From the parking area, walk south on Route 9W for a few hundred feet. Just beyond road signs for Routes 9W and 202, you'll see three blue blazes and three red-dot-on-white blazes on a tree adjacent to the road. These blazes mark the start of the Timp-Torne (blue) and Ramapo-Dunderberg (red-dot-on-white) trails. You'll be following the Timp-Torne...
From the parking area, walk south on Route 9W for a few hundred feet. Just beyond road signs for Routes 9W and 202, you'll see three blue blazes and three red-dot-on-white blazes on a tree adjacent to the road. These blazes mark the start of the Timp-Torne (blue) and Ramapo-Dunderberg (red-dot-on-white) trails. You'll be following the Timp-Torne Trail for the first part of the hike and returning on the Ramapo-Dunderberg Trail.
Follow the blue and red-dot-on-white blazes into the woods along a level footpath through an area of tangled vines. Soon, the trail will bear left and climb stone steps, and you'll reach a stone-arch tunnel to the left. This tunnel is a remnant of the Dunderberg Spiral Railway, the construction of which commenced in 1890. The plan was to have the rail cars pulled up the mountain on a cable incline by a stationary steam engine, with the downhill journey being made by gravity. Large sums were spent on the project, two tunnels were partially completed, and much of the line was graded, but the promoters ran out of funds, and the railway was never finished. The tunnel you see to the left was designed to allow the ascending trains to pass over the route of the descending trains.

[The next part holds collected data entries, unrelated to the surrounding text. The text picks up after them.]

(* A finite tree has cutwidth at most $2$ if and only if, for some $n$, it is (isomorphic to) a subgraph of some graph homeomorphic to $G_n$.
   Context: A graph with $n$ vertices has cutwidth at most $2$ if its vertices can be numbered $1,\ldots,n$ (bijectively) so that for every $i=1,\ldots,n-1$ there are at most two edges $(u,v)$ with $u\le i<v$. For $n\ge 2$, $G_n$ denotes the graph with $3n-4$ vertices consisting of a path on $n$ vertices in which every vertex of the path other than its two endpoints is additionally joined to two further pendant (degree-one) vertices. Two graphs are homeomorphic if they have isomorphic subdivisions (equivalently, one can pass between them by subdividing edges and suppressing vertices of degree $2$). *)

theory Defs
  imports Main
begin

definition graph :: "'a set \<Rightarrow> 'a set set \<Rightarrow> bool" where
  "graph V E \<longleftrightarrow> finite V \<and> (\<forall>e\<in>E. \<exists>u v. e = {u, v} \<and> u \<noteq> v \<and> u \<in> V \<and> v \<in> V)"

definition adj_rel :: "'a set set \<Rightarrow> ('a \<times> 'a) set" where
  "adj_rel E = {(u, v). {u, v} \<in> E}"

definition connected_graph :: "'a set \<Rightarrow> 'a set set \<Rightarrow> bool" where
  "connected_graph V E \<longleftrightarrow> (\<forall>u\<in>V. \<forall>v\<in>V. (u, v) \<in> (adj_rel E)\<^sup>*)"

definition has_cycle :: "'a set \<Rightarrow> 'a set set \<Rightarrow> bool" where
  "has_cycle V E \<longleftrightarrow> (\<exists>xs. length xs \<ge> 3 \<and> distinct xs \<and> set xs \<subseteq> V \<and>
      (\<forall>i < length xs - 1. {xs ! i, xs ! (i + 1)} \<in> E) \<and> {last xs, hd xs} \<in> E)"

definition tree :: "'a set \<Rightarrow> 'a set set \<Rightarrow> bool" where
  "tree V E \<longleftrightarrow> graph V E \<and> V \<noteq> {} \<and> connected_graph V E \<and> \<not> has_cycle V E"

definition cutwidth_le2 :: "'a set \<Rightarrow> 'a set set \<Rightarrow> bool" where
  "cutwidth_le2 V E \<longleftrightarrow> (\<exists>f :: 'a \<Rightarrow> nat. bij_betw f V {1..card V} \<and>
     (\<forall>i. 1 \<le> i \<and> i < card V \<longrightarrow>
        card {e \<in> E. \<exists>u\<in>e. \<exists>v\<in>e. f u \<le> i \<and> i < f v} \<le> 2))"

definition graph_iso :: "'a set \<Rightarrow> 'a set set \<Rightarrow> 'b set \<Rightarrow> 'b set set \<Rightarrow> bool" where
  "graph_iso V E V' E' \<longleftrightarrow> (\<exists>f. bij_betw f V V' \<and>
     (\<forall>u\<in>V. \<forall>v\<in>V. {u, v} \<in> E \<longleftrightarrow> {f u, f v} \<in> E'))"

definition subgraph :: "'a set \<Rightarrow> 'a set set \<Rightarrow> 'a set \<Rightarrow> 'a set set \<Rightarrow> bool" where
  "subgraph V' E' V E \<longleftrightarrow> graph V' E' \<and> V' \<subseteq> V \<and> E' \<subseteq> E"

definition subdiv_step :: "'a set \<Rightarrow> 'a set set \<Rightarrow> 'a set \<Rightarrow> 'a set set \<Rightarrow> bool" where
  "subdiv_step V E V' E' \<longleftrightarrow> (\<exists>u v w. {u, v} \<in> E \<and> u \<noteq> v \<and> w \<notin> V \<and>
      V' = insert w V \<and> E' = (E - {{u, v}}) \<union> {{u, w}, {w, v}})"

inductive subdivision :: "'a set \<Rightarrow> 'a set set \<Rightarrow> 'a set \<Rightarrow> 'a set set \<Rightarrow> bool" where
  refl: "subdivision V E V E"
| step: "subdivision V E V1 E1 \<Longrightarrow> subdiv_step V1 E1 V2 E2 \<Longrightarrow> subdivision V E V2 E2"

definition homeomorphic :: "'a set \<Rightarrow> 'a set set \<Rightarrow> 'a set \<Rightarrow> 'a set set \<Rightarrow> bool" where
  "homeomorphic V1 E1 V2 E2 \<longleftrightarrow> graph V1 E1 \<and> graph V2 E2 \<and>
     (\<exists>S1 F1 S2 F2. subdivision V1 E1 S1 F1 \<and> subdivision V2 E2 S2 F2 \<and> graph_iso S1 F1 S2 F2)"

text \<open>G_n on vertex type nat: path vertex i (1..n) is 3i; its pendants (2 \<le> i \<le> n-1) are 3i+1, 3i+2.\<close>
definition GV :: "nat \<Rightarrow> nat set" where
  "GV n = {3 * i | i. 1 \<le> i \<and> i \<le> n} \<union> {3 * i + 1 | i. 2 \<le> i \<and> i + 1 \<le> n}
          \<union> {3 * i + 2 | i. 2 \<le> i \<and> i + 1 \<le> n}"

definition GE :: "nat \<Rightarrow> nat set set" where
  "GE n = {{3 * i, 3 * (i + 1)} | i. 1 \<le> i \<and> i < n}
          \<union> {{3 * i, 3 * i + 1} | i. 2 \<le> i \<and> i + 1 \<le> n}
          \<union> {{3 * i, 3 * i + 2} | i. 2 \<le> i \<and> i + 1 \<le> n}"

end

theory Submission
  imports Defs
begin

text \<open>
  Call an injective numbering with at most two edges crossing each gap a layout of width two.
  Such layouts pass to subgraphs and isomorphic copies, and survive subdividing an edge (put the
  new vertex right after one end) and undoing a subdivision. \<open>G_n\<close> has one, with every path
  vertex between its two pendants; so every subgraph of a graph homeomorphic to \<open>G_n\<close> has
  cutwidth at most two.

  Conversely, number a tree with cutwidth at most two. A shortest path from the first to the last
  vertex is increasing, since a step backwards over a gap would add two more path edges crossing
  it. This spine crosses every gap, so every gap is crossed by at most one other edge. Hence every
  other vertex reaches the spine by a unique increasing (or decreasing) path of non-spine edges,
  ending at its anchor, and the vertices hanging from one spine vertex on one side form a single
  path, ordered by their distance to it. Mapping the spine to the path of \<open>G_n\<close> and inserting
  these vertices one at a time, each subdividing a pendant edge, embeds the tree in a subdivision
  of \<open>G_n\<close>.
\<close>

lemma graph_edge_subset: "graph V E \<Longrightarrow> e \<in> E \<Longrightarrow> e \<subseteq> V"
  unfolding graph_def by force

lemma graph_edgeE:
  assumes "graph V E" "e \<in> E"
  obtains u v where "e = {u, v}" "u \<noteq> v" "u \<in> V" "v \<in> V"
  using assms unfolding graph_def by blast

lemma graph_doubleton_edge: "graph V E \<Longrightarrow> {x, y} \<in> E \<Longrightarrow> x \<in> V \<and> y \<in> V \<and> x \<noteq> y"
  by (erule graph_edgeE) (auto simp: doubleton_eq_iff)

lemma graph_finite_edges: "graph V E \<Longrightarrow> finite E"
  by (rule finite_subset[of _ "Pow V"]) (auto simp: graph_def dest: graph_edge_subset)

lemma subdiv_step_graph:
  assumes "subdiv_step V E V' E'" "graph V E"
  shows "graph V' E'"
proof -
  obtain u v w where "{u, v} \<in> E" "w \<notin> V" "V' = insert w V"
    "E' = (E - {{u, v}}) \<union> {{u, w}, {w, v}}"
    using assms(1) unfolding subdiv_step_def by blast
  moreover from this have "u \<in> V" "v \<in> V" using graph_doubleton_edge[OF assms(2)] by blast+
  ultimately show ?thesis using assms(2) unfolding graph_def by blast
qed

lemma subdivision_graph: "subdivision V E V' E' \<Longrightarrow> graph V E \<Longrightarrow> graph V' E'"
  by (induction rule: subdivision.induct) (auto intro: subdiv_step_graph)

The trail now bears right and ascends more steeply on switchbacks and stone steps. At the top of the climb, you'll reach a junction. Here, the red-dot-on-white blazes continue ahead, while the blue blazes turn left. Follow the blue blazes of the Timp-Torne Trail, which head southwest, parallel to the river. The trail continues to climb, but on a more moderate grade. Soon, views of the river appear through the trees.
In another ten minutes, the trail turns right and heads away from the river. After going through a rocky area on switchbacks, you'll arrive at a graded section of the railway. Follow the blue blazes as they turn left and continue along this level, graded embankment for the next quarter of a mile. With the railbed ahead blocked off by fallen trees, the trail turns right and climbs to the next higher level, where it turns left. Just ahead you'll come to the portal of an unfinished tunnel, intended for use by the descending trains.
The trail now returns to the lower level of the graded railway, which it follows around a curved embankment, with views over the Hudson River. The curved roadbed ends at the opposite end of the uncompleted tunnel, but the trail bears left, crosses a stream and then a woods road, and climbs to another viewpoint, looking south along the river. Beyond the viewpoint, the trail is relatively level, and even descends a little.
Watch for a very sharp right turn in the trail, which reverses direction and heads northeast on a switchback, uphill at first. After another level stretch, the trail reaches a panoramic viewpoint, looking both north and south along the Hudson. Peekskill is visible at a bend in the river to the north, and the New York City skyline may be seen in the distance to the south.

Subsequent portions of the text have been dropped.